As I stewed and fretted and further lost my temper, the pilot kept talking to his friends and acting as if I was not even there. Completing a sentence with his friends, the pilot turned to me pointed his right index finger in my face and in a very low, slow, and deliberate Bahamian way said, “Sir, you are now in the land where time stands still.” He seemed to put particular emphasis on the words “time stands still.” Finishing several more stories with his friends the pilot finally turned back to me and said, “There, now we can go.” He had royally put me in my place and it was my first serious introduction to the concept of island time. I eventually arrived on Grand Turk but not when I wanted to. The important thing was that I was there. Island time dictated that I arrive when I fit into the island’s schedule not the other way around.
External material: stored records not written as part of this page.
lemma set_lie_gen_grad_F_kras:
  assumes "a \<in> set_lie (gen_grad C \<gamma> \<psi> x) (F_kras A B C \<psi> x)"
  obtains w where "w \<in> Kras_vec \<psi> (C *v x)"
    and "a = 2 * (w \<bullet> ((diag_mat \<gamma> ** (C ** A)) *v x))
           - w \<bullet> ((diag_mat \<gamma> ** (C ** B) + transpose (C ** B) ** diag_mat \<gamma>) *v w)"
proof -
  define G where "G = diag_mat \<gamma>"
  obtain w where w: "w \<in> Kras_vec \<psi> (C *v x)"
    and "\<forall>v\<in>gen_grad C \<gamma> \<psi> x. v \<bullet> (A *v x - B *v w) = a"
    using assms unfolding set_lie_def F_kras_def by blast
  moreover have "2 *\<^sub>R (transpose C *v (G *v w)) \<in> gen_grad C \<gamma> \<psi> x"
    using w unfolding gen_grad_def G_def by blast
  ultimately have a: "a = 2 * ((transpose C *v (G *v w)) \<bullet> (A *v x - B *v w))" by force
  have "(transpose C *v (G *v w)) \<bullet> z = w \<bullet> ((G ** C) *v z)" for z
    using inner_matrix_vector_transpose[of "G *v w" C z] inner_matrix_vector_transpose[of w G "C *v z"]
    by (simp add: G_def matrix_vector_mul_assoc inner_commute)
  then have "a = 2 * (w \<bullet> ((G ** (C ** A)) *v x)) - 2 * (w \<bullet> ((G ** (C ** B)) *v w))"
    using a by (simp add: matrix_vector_mult_diff_distrib inner_diff_right matrix_vector_mul_assoc
        matrix_mul_assoc)
  moreover have "w \<bullet> ((transpose (C ** B) ** G) *v w) = w \<bullet> ((G ** (C ** B)) *v w)"
    using inner_matrix_vector_transpose[of w "transpose (C ** B) ** G" w]
    by (simp add: matrix_transpose_mul G_def inner_commute)
  ultimately show thesis
    using that w by (simp add: G_def matrix_vector_mult_add_rdistrib inner_add_right)
qed

lemma Sup_set_lie_le:
  fixes A :: "real^'n^'n" and B :: "real^'p^'n" and C :: "real^'n^'p" and \<gamma> :: "'p::finite \<Rightarrow> real"
  defines "l1 \<equiv> min_eig (diag_mat \<gamma> ** (C ** B) + transpose (C ** B) ** diag_mat \<gamma>)"
    and "l2 \<equiv> spec_norm (diag_mat \<gamma> ** (C ** A))"
  assumes "norm x \<le> \<mu>" and large: "\<forall>w \<in> Kras_vec \<psi> (C *v x). c \<le> norm w"
    and "0 \<le> l1" and "2 * \<mu> * l2 \<le> l1 * c"
  shows "Sup (ereal ` set_lie (gen_grad C \<gamma> \<psi> x) (F_kras A B C \<psi> x)) \<le> ereal (- c * (l1 * c - 2 * \<mu> * l2))"
proof (rule Sup_least, clarify)
  fix a assume "a \<in> set_lie (gen_grad C \<gamma> \<psi> x) (F_kras A B C \<psi> x)"
  then obtain w where "w \<in> Kras_vec \<psi> (C *v x)"
    and a: "a = 2 * (w \<bullet> ((diag_mat \<gamma> ** (C ** A)) *v x))
           - w \<bullet> ((diag_mat \<gamma> ** (C ** B) + transpose (C ** B) ** diag_mat \<gamma>) *v w)"
    by (rule set_lie_gen_grad_F_kras)
  then have "c \<le> norm w" using large by blast
  have "norm ((diag_mat \<gamma> ** (C ** A)) *v x) \<le> l2 * \<mu>"
    using onorm[OF matrix_vector_mul_bounded_linear, of "diag_mat \<gamma> ** (C ** A)" x]
      onorm_pos_le[OF matrix_vector_mul_bounded_linear, of "diag_mat \<gamma> ** (C ** A)"] \<open>norm x \<le> \<mu>\<close>
    unfolding l2_def spec_norm_def by (meson mult_left_mono order_trans)
  then have "w \<bullet> ((diag_mat \<gamma> ** (C ** A)) *v x) \<le> norm w * (l2 * \<mu>)"
    using norm_cauchy_schwarz[of w] mult_left_mono[OF _ norm_ge_zero] by (meson order_trans)
  then have "a \<le> 2 * norm w * (l2 * \<mu>) - l1 * (norm w)\<^sup>2"
    using a min_eig_symmetric(2)[OF symmetric_diag_mat_mult_plus_transpose, of \<gamma> "C ** B" w]
    by (simp add: l1_def power2_norm_eq_inner)
  also have "\<dots> \<le> - c * (l1 * c - 2 * \<mu> * l2)"
  proof -
    have "0 \<le> (norm w - c) * (l1 * (norm w + c) - 2 * l2 * \<mu>)"
      using \<open>c \<le> norm w\<close> \<open>2 * \<mu> * l2 \<le> l1 * c\<close> mult_nonneg_nonneg[OF \<open>0 \<le> l1\<close> norm_ge_zero[of w]]
      by (intro mult_nonneg_nonneg) (auto simp: algebra_simps)
    then show ?thesis by (simp add: algebra_simps power2_eq_square)
  qed
  finally show "ereal a \<le> ereal (- c * (l1 * c - 2 * \<mu> * l2))" by simp
qed

lemma obtain_small_positive:
  fixes \<nu> \<delta> \<epsilon> a b :: real
  assumes "0 < \<nu>" "0 < \<delta>" "0 < \<epsilon>"
  obtains \<mu> where "0 < \<mu>" "\<mu> < \<nu>" "a * \<mu> < \<delta>" "b * \<mu> < \<epsilon>"
proof -
  have lim: "((\<lambda>\<mu>. r * \<mu>) \<longlongrightarrow> 0) (at_right 0)" for r :: real
    by (auto intro!: tendsto_eq_intros)
  have "\<forall>\<^sub>F \<mu> in at_right (0::real). 0 < \<mu>" by (rule eventually_at_right_less)
  moreover have "\<forall>\<^sub>F \<mu> in at_right 0. \<mu> < \<nu>" by (rule order_tendstoD(2)[OF tendsto_ident_at \<open>0 < \<nu>\<close>])
  moreover have "\<forall>\<^sub>F \<mu> in at_right 0. a * \<mu> < \<delta>" by (rule order_tendstoD(2)[OF lim \<open>0 < \<delta>\<close>])
  moreover have "\<forall>\<^sub>F \<mu> in at_right 0. b * \<mu> < \<epsilon>" by (rule order_tendstoD(2)[OF lim \<open>0 < \<epsilon>\<close>])
  ultimately have "\<forall>\<^sub>F \<mu> in at_right 0. 0 < \<mu> \<and> \<mu> < \<nu> \<and> a * \<mu> < \<delta> \<and> b * \<mu> < \<epsilon>"
    by eventually_elim blast
  then show thesis using that eventually_happens'[OF trivial_limit_at_right_real] by blast
qed

lemma class_K_inf_linear: "(a::real) > 0 \<Longrightarrow> class_K_inf (\<lambda>r. a * r)"
  unfolding class_K_inf_def
  by (auto intro!: continuous_intros strict_mono_onI filterlim_tendsto_pos_mult_at_top filterlim_ident)
lemma Hsq_pos:
  assumes "\<phi> > 0"
  shows "Hsq k n \<psi> \<phi> > 0"
proof -
  have "0 \<le> Hsq k n \<psi> (\<phi> / 2)"
    unfolding Hsq_def H_def using n
    by (intro integral_nonneg) (auto intro!: integrable_continuous_real continuous_at_imp_continuous_on
        continuous_intros isCont_o2[OF _ isCont_hyp0F1] mult_nonneg_nonneg order.trans[OF zero_le_one hyp0F1_ge_one])
  also have "\<dots> < Hsq k n \<psi> \<phi>" using assms by (intro Hsq_strict_mono) auto
  finally show ?thesis .
qed

lemma unit_vector_dominated:
  "\<forall>\<^sub>F t in at_top. norm (Hsq k n \<psi> 1 *\<^sub>R (vector [1, 0, 0] :: real^3)) \<le> norm (gsol k n \<psi> t)"
  unfolding eventually_at_top_linorder
proof (intro exI allI impI)
  fix t :: real assume "t \<ge> 1"
  have "norm (Hsq k n \<psi> 1 *\<^sub>R (vector [1, 0, 0] :: real^3)) \<le> Hsq k n \<psi> 1"
    using norm_le_l1_cart[of "Hsq k n \<psi> 1 *\<^sub>R (vector [1, 0, 0] :: real^3)"] Hsq_pos[of 1]
    by (simp add: sum_3)
  also have "\<dots> \<le> Hsq k n \<psi> t"
    using Hsq_strict_mono[of 1 t] \<open>t \<ge> 1\<close> by (cases "t = 1") auto
  also have "\<dots> \<le> norm (gsol k n \<psi> t)"
    using component_le_norm_cart[of "gsol k n \<psi> t" 1] by (simp add: gsol_eq)
  finally show "norm (Hsq k n \<psi> 1 *\<^sub>R (vector [1, 0, 0] :: real^3)) \<le> norm (gsol k n \<psi> t)" .
qed

section \<open>A second solution by reduction of order\<close>

lemma rfac_has_real_derivative:
  assumes "t > 0"
  shows "(rfac n \<psi> has_real_derivative liouville n \<psi> t / (t * vfun n \<psi> t ^ 2)) (at t)"
  unfolding rfac_def[abs_def] one_ereal_def
proof (rule interval_integral_has_real_derivative[where l = 0])
  have "isCont (vfun n \<psi>) s" for s using vfun_has_real_derivative DERIV_isCont by blast
  then show "continuous_on {0<..} (\<lambda>s. liouville n \<psi> s / (s * vfun n \<psi> s ^ 2))"
    using vfun_pos unfolding liouville_def
    by (intro continuous_at_imp_continuous_on ballI continuous_intros) (auto simp: less_imp_neq[symmetric])
qed (use assms in auto)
“Island mentality” is a concept associated with islands and island life. The online Urban Dictionary defines an island mentality as “A psychological state more than a geographic state of a person: a belief in a community’s or culture's superiority, correctness, or specialness compared to other communities or cultures. Inspired by positive-minded well-meaning groupthink, increasing homogeneity over time, isolation-induced ignorance of other cultures or communities, fear of the unknown or being outnumbered (and a desire to compensate for their smallness amid the world), and lack of conflict with/lack of destruction by other communities (improving relative progress and social harmony and giving some credence to their feelings of superiority). This concept is not a universal component of islands everywhere because so few island people have the ability or the inclination to be “superior” to anyone else. Some have said that this definition of island mentality is best associated with the British and the Japanese and a strong argument can be made for this being a valid concept for those two islands.
After more than 30 years of exploring islands from the Arctic Ocean to the South Pacific I have more questions than answers about them. That conundrum and my innate inquisitiveness may be the principal reasons I continue to hop on planes or cruise ships and deposit myself on an island. The psychology of “there” keeps bringing me back and I simply cannot get enough of them.
In the following pages I describe visits to a dozen divergent islands ranging from the frigid waters of the North Atlantic in Canada to the equatorial currents of the Indian Ocean at Singapore and then on to Samoa. Each island had its challenges and each island was different yet at the same time each island was actually no different than the last one I visited. What’s needed to discern the differences is an open mind and a degree of patience (“island time” exists everywhere – it is simply not restricted to the West Indies) and an inquisitive nature that pushes travelers to learn more about where they are than the names of the best spas and the closest British pub. Some of these islands will be familiar and some will make readers scratch their heads, yet all of them will likely generate an urge to board a plane or a cruise ship and set out to explore. The purpose of travel is to expose the uninitiated to experiences and opportunities that simply cannot be appreciated by watching the Travel Channel. Islands seem to be a living laboratory for experiments in biology and physics and sociology 101. They are everywhere and they yearn to give up their secrets and it’s up to us all to uncover the mysteries that are exposable on each of them.